■ Task brief
Each entry below has to be written out again exactly.

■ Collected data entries
= Beginning of Section =

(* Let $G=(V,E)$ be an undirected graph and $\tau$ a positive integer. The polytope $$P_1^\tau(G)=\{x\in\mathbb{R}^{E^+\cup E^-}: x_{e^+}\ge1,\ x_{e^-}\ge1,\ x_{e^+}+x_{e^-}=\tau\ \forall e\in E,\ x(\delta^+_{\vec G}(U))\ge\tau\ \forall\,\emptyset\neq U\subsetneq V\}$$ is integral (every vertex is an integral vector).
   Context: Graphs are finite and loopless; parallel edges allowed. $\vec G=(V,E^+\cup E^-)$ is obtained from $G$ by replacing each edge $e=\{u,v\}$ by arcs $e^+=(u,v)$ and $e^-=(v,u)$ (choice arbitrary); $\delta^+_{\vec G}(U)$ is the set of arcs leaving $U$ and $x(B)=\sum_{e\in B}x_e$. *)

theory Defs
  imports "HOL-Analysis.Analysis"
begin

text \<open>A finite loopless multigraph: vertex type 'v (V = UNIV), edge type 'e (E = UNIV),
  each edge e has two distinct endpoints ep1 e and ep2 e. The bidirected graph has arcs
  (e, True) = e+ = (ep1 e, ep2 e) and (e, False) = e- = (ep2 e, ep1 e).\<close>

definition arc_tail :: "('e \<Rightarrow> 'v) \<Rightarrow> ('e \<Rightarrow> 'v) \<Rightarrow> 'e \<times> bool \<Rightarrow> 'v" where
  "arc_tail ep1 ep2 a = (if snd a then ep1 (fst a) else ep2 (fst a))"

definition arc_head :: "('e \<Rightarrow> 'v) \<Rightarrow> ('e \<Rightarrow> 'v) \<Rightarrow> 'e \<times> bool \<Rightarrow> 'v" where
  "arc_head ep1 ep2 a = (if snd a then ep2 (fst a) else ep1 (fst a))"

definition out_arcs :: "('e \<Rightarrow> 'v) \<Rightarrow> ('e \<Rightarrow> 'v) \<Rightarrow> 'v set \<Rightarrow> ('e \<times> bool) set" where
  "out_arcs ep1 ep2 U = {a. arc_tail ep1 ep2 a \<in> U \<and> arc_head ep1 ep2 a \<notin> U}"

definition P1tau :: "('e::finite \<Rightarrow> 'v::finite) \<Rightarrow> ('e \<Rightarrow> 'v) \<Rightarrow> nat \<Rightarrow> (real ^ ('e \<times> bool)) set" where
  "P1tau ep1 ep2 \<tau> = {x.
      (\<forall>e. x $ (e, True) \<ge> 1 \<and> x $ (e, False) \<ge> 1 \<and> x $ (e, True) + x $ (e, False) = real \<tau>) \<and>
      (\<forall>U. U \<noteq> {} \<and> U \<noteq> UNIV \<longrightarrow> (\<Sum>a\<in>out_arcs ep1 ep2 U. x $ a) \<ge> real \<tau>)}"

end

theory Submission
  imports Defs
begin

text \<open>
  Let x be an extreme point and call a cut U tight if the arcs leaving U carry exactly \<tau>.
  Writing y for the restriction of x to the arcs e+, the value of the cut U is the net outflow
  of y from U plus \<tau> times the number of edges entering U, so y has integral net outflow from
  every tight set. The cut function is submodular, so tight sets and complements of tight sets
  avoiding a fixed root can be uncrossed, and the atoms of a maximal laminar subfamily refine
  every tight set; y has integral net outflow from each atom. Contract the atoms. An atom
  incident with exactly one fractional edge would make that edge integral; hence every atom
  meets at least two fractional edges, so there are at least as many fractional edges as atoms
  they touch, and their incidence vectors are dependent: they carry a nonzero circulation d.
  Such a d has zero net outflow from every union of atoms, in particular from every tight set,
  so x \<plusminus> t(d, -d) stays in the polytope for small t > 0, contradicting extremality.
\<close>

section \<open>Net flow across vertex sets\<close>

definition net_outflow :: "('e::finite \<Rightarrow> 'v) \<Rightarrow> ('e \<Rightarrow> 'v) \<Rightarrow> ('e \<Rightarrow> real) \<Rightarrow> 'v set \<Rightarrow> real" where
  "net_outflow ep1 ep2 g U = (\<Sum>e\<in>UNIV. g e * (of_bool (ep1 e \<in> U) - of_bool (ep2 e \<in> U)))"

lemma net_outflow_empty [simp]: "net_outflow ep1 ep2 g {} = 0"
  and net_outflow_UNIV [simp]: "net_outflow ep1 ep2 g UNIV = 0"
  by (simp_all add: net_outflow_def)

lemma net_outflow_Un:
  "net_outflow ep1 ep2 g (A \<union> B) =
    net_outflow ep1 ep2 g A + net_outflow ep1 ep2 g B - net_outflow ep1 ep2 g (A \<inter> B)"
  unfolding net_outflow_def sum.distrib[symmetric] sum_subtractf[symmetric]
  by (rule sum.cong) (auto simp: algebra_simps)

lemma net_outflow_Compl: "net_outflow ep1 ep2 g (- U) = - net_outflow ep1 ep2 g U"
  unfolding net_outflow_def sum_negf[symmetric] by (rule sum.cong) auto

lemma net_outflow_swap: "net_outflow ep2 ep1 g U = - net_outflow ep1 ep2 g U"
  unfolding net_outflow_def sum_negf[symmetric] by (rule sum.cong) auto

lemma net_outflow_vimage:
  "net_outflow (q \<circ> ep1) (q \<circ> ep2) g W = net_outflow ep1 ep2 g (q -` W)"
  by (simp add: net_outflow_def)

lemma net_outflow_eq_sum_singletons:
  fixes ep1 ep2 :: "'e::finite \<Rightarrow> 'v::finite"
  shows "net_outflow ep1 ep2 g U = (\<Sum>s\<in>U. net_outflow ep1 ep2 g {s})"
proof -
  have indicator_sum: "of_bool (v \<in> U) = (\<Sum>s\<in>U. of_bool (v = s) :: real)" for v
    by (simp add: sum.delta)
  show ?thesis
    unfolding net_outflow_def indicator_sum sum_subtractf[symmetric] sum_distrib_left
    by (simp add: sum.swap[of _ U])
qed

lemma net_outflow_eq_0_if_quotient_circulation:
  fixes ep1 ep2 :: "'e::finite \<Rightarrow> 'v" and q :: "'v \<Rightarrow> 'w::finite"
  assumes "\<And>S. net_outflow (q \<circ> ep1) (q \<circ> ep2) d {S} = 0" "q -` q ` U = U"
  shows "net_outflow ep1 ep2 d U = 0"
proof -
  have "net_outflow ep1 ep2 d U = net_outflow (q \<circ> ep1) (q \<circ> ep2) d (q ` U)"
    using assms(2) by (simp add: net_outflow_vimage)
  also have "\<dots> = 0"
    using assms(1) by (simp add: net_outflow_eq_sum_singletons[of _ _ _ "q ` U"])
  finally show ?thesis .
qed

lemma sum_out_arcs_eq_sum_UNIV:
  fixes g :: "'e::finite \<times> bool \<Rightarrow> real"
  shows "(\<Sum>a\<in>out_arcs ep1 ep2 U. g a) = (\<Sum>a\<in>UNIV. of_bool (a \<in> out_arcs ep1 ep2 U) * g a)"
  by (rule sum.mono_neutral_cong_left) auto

= End of Section =

■ Task output
(* Let $G=(V,E)$ be an undirected graph and $\tau$ a positive integer. The polytope $$P_1^\tau(G)=\{x\in\mathbb{R}^{E^+\cup E^-}: x_{e^+}\ge1,\ x_{e^-}\ge1,\ x_{e^+}+x_{e^-}=\tau\ \forall e\in E,\ x(\delta^+_{\vec G}(U))\ge\tau\ \forall\,\emptyset\neq U\subsetneq V\}$$ is integral (every vertex is an integral vector).
   Context: Graphs are finite and loopless; parallel edges allowed. $\vec G=(V,E^+\cup E^-)$ is obtained from $G$ by replacing each edge $e=\{u,v\}$ by arcs $e^+=(u,v)$ and $e^-=(v,u)$ (choice arbitrary); $\delta^+_{\vec G}(U)$ is the set of arcs leaving $U$ and $x(B)=\sum_{e\in B}x_e$. *)

theory Defs
  imports "HOL-Analysis.Analysis"
begin

text \<open>A finite loopless multigraph: vertex type 'v (V = UNIV), edge type 'e (E = UNIV),
  each edge e has two distinct endpoints ep1 e and ep2 e. The bidirected graph has arcs
  (e, True) = e+ = (ep1 e, ep2 e) and (e, False) = e- = (ep2 e, ep1 e).\<close>

definition arc_tail :: "('e \<Rightarrow> 'v) \<Rightarrow> ('e \<Rightarrow> 'v) \<Rightarrow> 'e \<times> bool \<Rightarrow> 'v" where
  "arc_tail ep1 ep2 a = (if snd a then ep1 (fst a) else ep2 (fst a))"

definition arc_head :: "('e \<Rightarrow> 'v) \<Rightarrow> ('e \<Rightarrow> 'v) \<Rightarrow> 'e \<times> bool \<Rightarrow> 'v" where
  "arc_head ep1 ep2 a = (if snd a then ep2 (fst a) else ep1 (fst a))"

definition out_arcs :: "('e \<Rightarrow> 'v) \<Rightarrow> ('e \<Rightarrow> 'v) \<Rightarrow> 'v set \<Rightarrow> ('e \<times> bool) set" where
  "out_arcs ep1 ep2 U = {a. arc_tail ep1 ep2 a \<in> U \<and> arc_head ep1 ep2 a \<notin> U}"

definition P1tau :: "('e::finite \<Rightarrow> 'v::finite) \<Rightarrow> ('e \<Rightarrow> 'v) \<Rightarrow> nat \<Rightarrow> (real ^ ('e \<times> bool)) set" where
  "P1tau ep1 ep2 \<tau> = {x.
      (\<forall>e. x $ (e, True) \<ge> 1 \<and> x $ (e, False) \<ge> 1 \<and> x $ (e, True) + x $ (e, False) = real \<tau>) \<and>
      (\<forall>U. U \<noteq> {} \<and> U \<noteq> UNIV \<longrightarrow> (\<Sum>a\<in>out_arcs ep1 ep2 U. x $ a) \<ge> real \<tau>)}"

end

theory Submission
  imports Defs
begin

text \<open>
  Let x be an extreme point and call a cut U tight if the arcs leaving U carry exactly \<tau>.
  Writing y for the restriction of x to the arcs e+, the value of the cut U is the net outflow
  of y from U plus \<tau> times the number of edges entering U, so y has integral net outflow from
  every tight set. The cut function is submodular, so tight sets and complements of tight sets
  avoiding a fixed root can be uncrossed, and the atoms of a maximal laminar subfamily refine
  every tight set; y has integral net outflow from each atom. Contract the atoms. An atom
  incident with exactly one fractional edge would make that edge integral; hence every atom
  meets at least two fractional edges, so there are at least as many fractional edges as atoms
  they touch, and their incidence vectors are dependent: they carry a nonzero circulation d.
  Such a d has zero net outflow from every union of atoms, in particular from every tight set,
  so x \<plusminus> t(d, -d) stays in the polytope for small t > 0, contradicting extremality.
\<close>

section \<open>Net flow across vertex sets\<close>

definition net_outflow :: "('e::finite \<Rightarrow> 'v) \<Rightarrow> ('e \<Rightarrow> 'v) \<Rightarrow> ('e \<Rightarrow> real) \<Rightarrow> 'v set \<Rightarrow> real" where
  "net_outflow ep1 ep2 g U = (\<Sum>e\<in>UNIV. g e * (of_bool (ep1 e \<in> U) - of_bool (ep2 e \<in> U)))"

lemma net_outflow_empty [simp]: "net_outflow ep1 ep2 g {} = 0"
  and net_outflow_UNIV [simp]: "net_outflow ep1 ep2 g UNIV = 0"
  by (simp_all add: net_outflow_def)

lemma net_outflow_Un:
  "net_outflow ep1 ep2 g (A \<union> B) =
    net_outflow ep1 ep2 g A + net_outflow ep1 ep2 g B - net_outflow ep1 ep2 g (A \<inter> B)"
  unfolding net_outflow_def sum.distrib[symmetric] sum_subtractf[symmetric]
  by (rule sum.cong) (auto simp: algebra_simps)

lemma net_outflow_Compl: "net_outflow ep1 ep2 g (- U) = - net_outflow ep1 ep2 g U"
  unfolding net_outflow_def sum_negf[symmetric] by (rule sum.cong) auto

lemma net_outflow_swap: "net_outflow ep2 ep1 g U = - net_outflow ep1 ep2 g U"
  unfolding net_outflow_def sum_negf[symmetric] by (rule sum.cong) auto

lemma net_outflow_vimage:
  "net_outflow (q \<circ> ep1) (q \<circ> ep2) g W = net_outflow ep1 ep2 g (q -` W)"
  by (simp add: net_outflow_def)

lemma net_outflow_eq_sum_singletons:
  fixes ep1 ep2 :: "'e::finite \<Rightarrow> 'v::finite"
  shows "net_outflow ep1 ep2 g U = (\<Sum>s\<in>U. net_outflow ep1 ep2 g {s})"
proof -
  have indicator_sum: "of_bool (v \<in> U) = (\<Sum>s\<in>U. of_bool (v = s) :: real)" for v
    by (simp add: sum.delta)
  show ?thesis
    unfolding net_outflow_def indicator_sum sum_subtractf[symmetric] sum_distrib_left
    by (simp add: sum.swap[of _ U])
qed

lemma net_outflow_eq_0_if_quotient_circulation:
  fixes ep1 ep2 :: "'e::finite \<Rightarrow> 'v" and q :: "'v \<Rightarrow> 'w::finite"
  assumes "\<And>S. net_outflow (q \<circ> ep1) (q \<circ> ep2) d {S} = 0" "q -` q ` U = U"
  shows "net_outflow ep1 ep2 d U = 0"
proof -
  have "net_outflow ep1 ep2 d U = net_outflow (q \<circ> ep1) (q \<circ> ep2) d (q ` U)"
    using assms(2) by (simp add: net_outflow_vimage)
  also have "\<dots> = 0"
    using assms(1) by (simp add: net_outflow_eq_sum_singletons[of _ _ _ "q ` U"])
  finally show ?thesis .
qed

lemma sum_out_arcs_eq_sum_UNIV:
  fixes g :: "'e::finite \<times> bool \<Rightarrow> real"
  shows "(\<Sum>a\<in>out_arcs ep1 ep2 U. g a) = (\<Sum>a\<in>UNIV. of_bool (a \<in> out_arcs ep1 ep2 U) * g a)"
  by (rule sum.mono_neutral_cong_left) auto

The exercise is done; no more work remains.